As shown in FIGS. 2 and 3, the preheating device for degassing the getter material is configured as, for example, a device employing a high-frequency heating method. That is, the pre-heating device heats the vacuum chamber 30 functioning as a vacuum processing tank, the vacuum pump 32 for evacuating the vacuum chamber to a high vacuum of about 10 ⁻⁵ Pa, and the getter material provided in the vacuum chamber. The heating mechanism 34 is provided. Further, an ionization vacuum gauge 36 for measuring the degree of vacuum in the vacuum chamber is connected to the vacuum chamber 30.
[0020]
A stage 40 for holding a getter material is provided in the vacuum chamber 30, and a plurality of ring-shaped evaporable getter materials 42 are mounted on the stage. As the getter material 42, for example, a reactive getter that vacuum-deposits Ba by a thermal reaction between BaAl ₄ powder and Ni powder can be used. The stage 40 is formed of an insulator such as glass, and is designed so as not to apply a high frequency.
[0021]
The heating mechanism 34 includes a plurality of high-frequency coils 44 provided below the stage 40 in the vacuum chamber 30, a high-frequency generator 46 for applying a high frequency to these coils, and a cooling device 48 for cooling the high-frequency coils. ing.
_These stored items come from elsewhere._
(* Let $F$ be a subfield of $\mathbb{R}$, $r\in F$, and $n$ a positive integer. There is a quantifier-free formula $\theta(x,u)$ in the language of $T_{\mathrm{comm}}[F]$, in disjunctive normal form with at most $n$ disjuncts, such that $$T_{\mathrm{mult}}[F]\cup\{0\le x,\;x\le r,\;u=x^2\}\vdash\theta\quad\text{and}\quad T_{\mathrm{add}}[F]\cup\{u<2x-1\}\cup\{\theta\}\vdash\bot,$$ if and only if $r\le n/(n+1)$.
   Context: For $a\in F$, $f_a$ is a unary function symbol interpreted as $f_a(x)=ax$; a constant $c\in F$ is denoted by $f_c(1)$, $x^2$ denotes $x\times x$ and $2x$ denotes $f_2(x)$. $T_{\mathrm{add}}[F]$ is the set of sentences true in $(\mathbb{R},0,1,+,-,<,(f_a)_{a\in F})$, $T_{\mathrm{mult}}[F]$ the set of sentences true in $(\mathbb{R},0,1,\times,\div,<,(f_a)_{a\in F})$ with $x\div0=0$, and $T_{\mathrm{comm}}[F]=T_{\mathrm{add}}[F]\cap T_{\mathrm{mult}}[F]$, the theory of $(\mathbb{R},0,1,<,(f_a)_{a\in F})$. Free variables $x,u$ are treated as constants in the derivations. *)

theory Defs
  imports Complex_Main
begin

definition real_subfield :: "real set \<Rightarrow> bool" where
  "real_subfield F \<longleftrightarrow> 0 \<in> F \<and> 1 \<in> F \<and>
     (\<forall>a\<in>F. \<forall>b\<in>F. a + b \<in> F \<and> a - b \<in> F \<and> a * b \<in> F) \<and>
     (\<forall>a\<in>F. a \<noteq> 0 \<longrightarrow> inverse a \<in> F)"

section \<open>Syntax: one big signature; sublanguages are carved out below\<close>

text \<open>Terms.  CX and CU are the two extra constants x, u.  Fa a t is f_a(t).\<close>
datatype tm = Var nat | CX | CU | Zero | One
  | Add tm tm | Sub tm tm | Mul tm tm | Dvd tm tm | Fa real tm

datatype fm = Bot | Eq tm tm | Less tm tm | Not fm | And fm fm | Or fm fm | Imp fm fm
  | All nat fm | Ex nat fm

datatype lang = LComm | LAdd | LMult

fun tm_in :: "lang \<Rightarrow> real set \<Rightarrow> tm \<Rightarrow> bool" where
  "tm_in L F (Var v) = True"
| "tm_in L F CX = True"
| "tm_in L F CU = True"
| "tm_in L F Zero = True"
| "tm_in L F One = True"
| "tm_in L F (Add s t) = (L = LAdd \<and> tm_in L F s \<and> tm_in L F t)"
| "tm_in L F (Sub s t) = (L = LAdd \<and> tm_in L F s \<and> tm_in L F t)"
| "tm_in L F (Mul s t) = (L = LMult \<and> tm_in L F s \<and> tm_in L F t)"
| "tm_in L F (Dvd s t) = (L = LMult \<and> tm_in L F s \<and> tm_in L F t)"
| "tm_in L F (Fa a t) = (a \<in> F \<and> tm_in L F t)"

fun fm_in :: "lang \<Rightarrow> real set \<Rightarrow> fm \<Rightarrow> bool" where
  "fm_in L F Bot = True"
| "fm_in L F (Eq s t) = (tm_in L F s \<and> tm_in L F t)"
| "fm_in L F (Less s t) = (tm_in L F s \<and> tm_in L F t)"
| "fm_in L F (Not p) = fm_in L F p"
| "fm_in L F (And p q) = (fm_in L F p \<and> fm_in L F q)"
| "fm_in L F (Or p q) = (fm_in L F p \<and> fm_in L F q)"
| "fm_in L F (Imp p q) = (fm_in L F p \<and> fm_in L F q)"
| "fm_in L F (All v p) = fm_in L F p"
| "fm_in L F (Ex v p) = fm_in L F p"

fun tm_vars :: "tm \<Rightarrow> nat set" where
  "tm_vars (Var v) = {v}"
| "tm_vars (Add s t) = tm_vars s \<union> tm_vars t"
| "tm_vars (Sub s t) = tm_vars s \<union> tm_vars t"
| "tm_vars (Mul s t) = tm_vars s \<union> tm_vars t"
| "tm_vars (Dvd s t) = tm_vars s \<union> tm_vars t"
| "tm_vars (Fa a t) = tm_vars t"
| "tm_vars _ = {}"

fun tm_consts :: "tm \<Rightarrow> bool" where
  "tm_consts CX = True"
| "tm_consts CU = True"
| "tm_consts (Add s t) = (tm_consts s \<or> tm_consts t)"
| "tm_consts (Sub s t) = (tm_consts s \<or> tm_consts t)"
| "tm_consts (Mul s t) = (tm_consts s \<or> tm_consts t)"
| "tm_consts (Dvd s t) = (tm_consts s \<or> tm_consts t)"
| "tm_consts (Fa a t) = tm_consts t"
| "tm_consts _ = False"

fun fm_free :: "fm \<Rightarrow> nat set" where
  "fm_free Bot = {}"
| "fm_free (Eq s t) = tm_vars s \<union> tm_vars t"
| "fm_free (Less s t) = tm_vars s \<union> tm_vars t"
| "fm_free (Not p) = fm_free p"
| "fm_free (And p q) = fm_free p \<union> fm_free q"
| "fm_free (Or p q) = fm_free p \<union> fm_free q"
| "fm_free (Imp p q) = fm_free p \<union> fm_free q"
| "fm_free (All v p) = fm_free p - {v}"
| "fm_free (Ex v p) = fm_free p - {v}"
The high-frequency coil 44 is formed by winding a copper pipe in a coil shape, and both ends thereof are led out of the vacuum chamber through a vacuum seal portion 45 provided on the wall of the vacuum chamber 30. Each high-frequency coil 44 is connected to a high-frequency generator 46 provided outside the vacuum chamber 30 and a cooling device 48. The cooling device 48 circulates a cooling medium such as pure water, air, or high-pressure gas inside the high-frequency coil 44 to prevent abnormal heating of the coil.
[0022]
When degassing the getter material 42 by the preheating device, first, a plurality of getter materials 42 are placed on the stage 40. Thereafter, the inside of the vacuum chamber 30 is evacuated by the vacuum pump 32 to maintain a high vacuum of about 10 ⁻⁵ Pa. In this state, a high frequency is applied to the high frequency coil 44 from the high frequency generator 46, and a high frequency is applied to the getter material 42 from the high frequency coil via the stage 40. As a result, the getter material 42 is heated, and the adsorbed gas is released from the getter material. At this time, the heating temperature is set to a temperature lower than the evaporation temperature of the getter material 42, for example, 500 ° C., and the heating is performed for about 30 to 60 seconds. The heating temperature is desirably 200 ° C. or higher.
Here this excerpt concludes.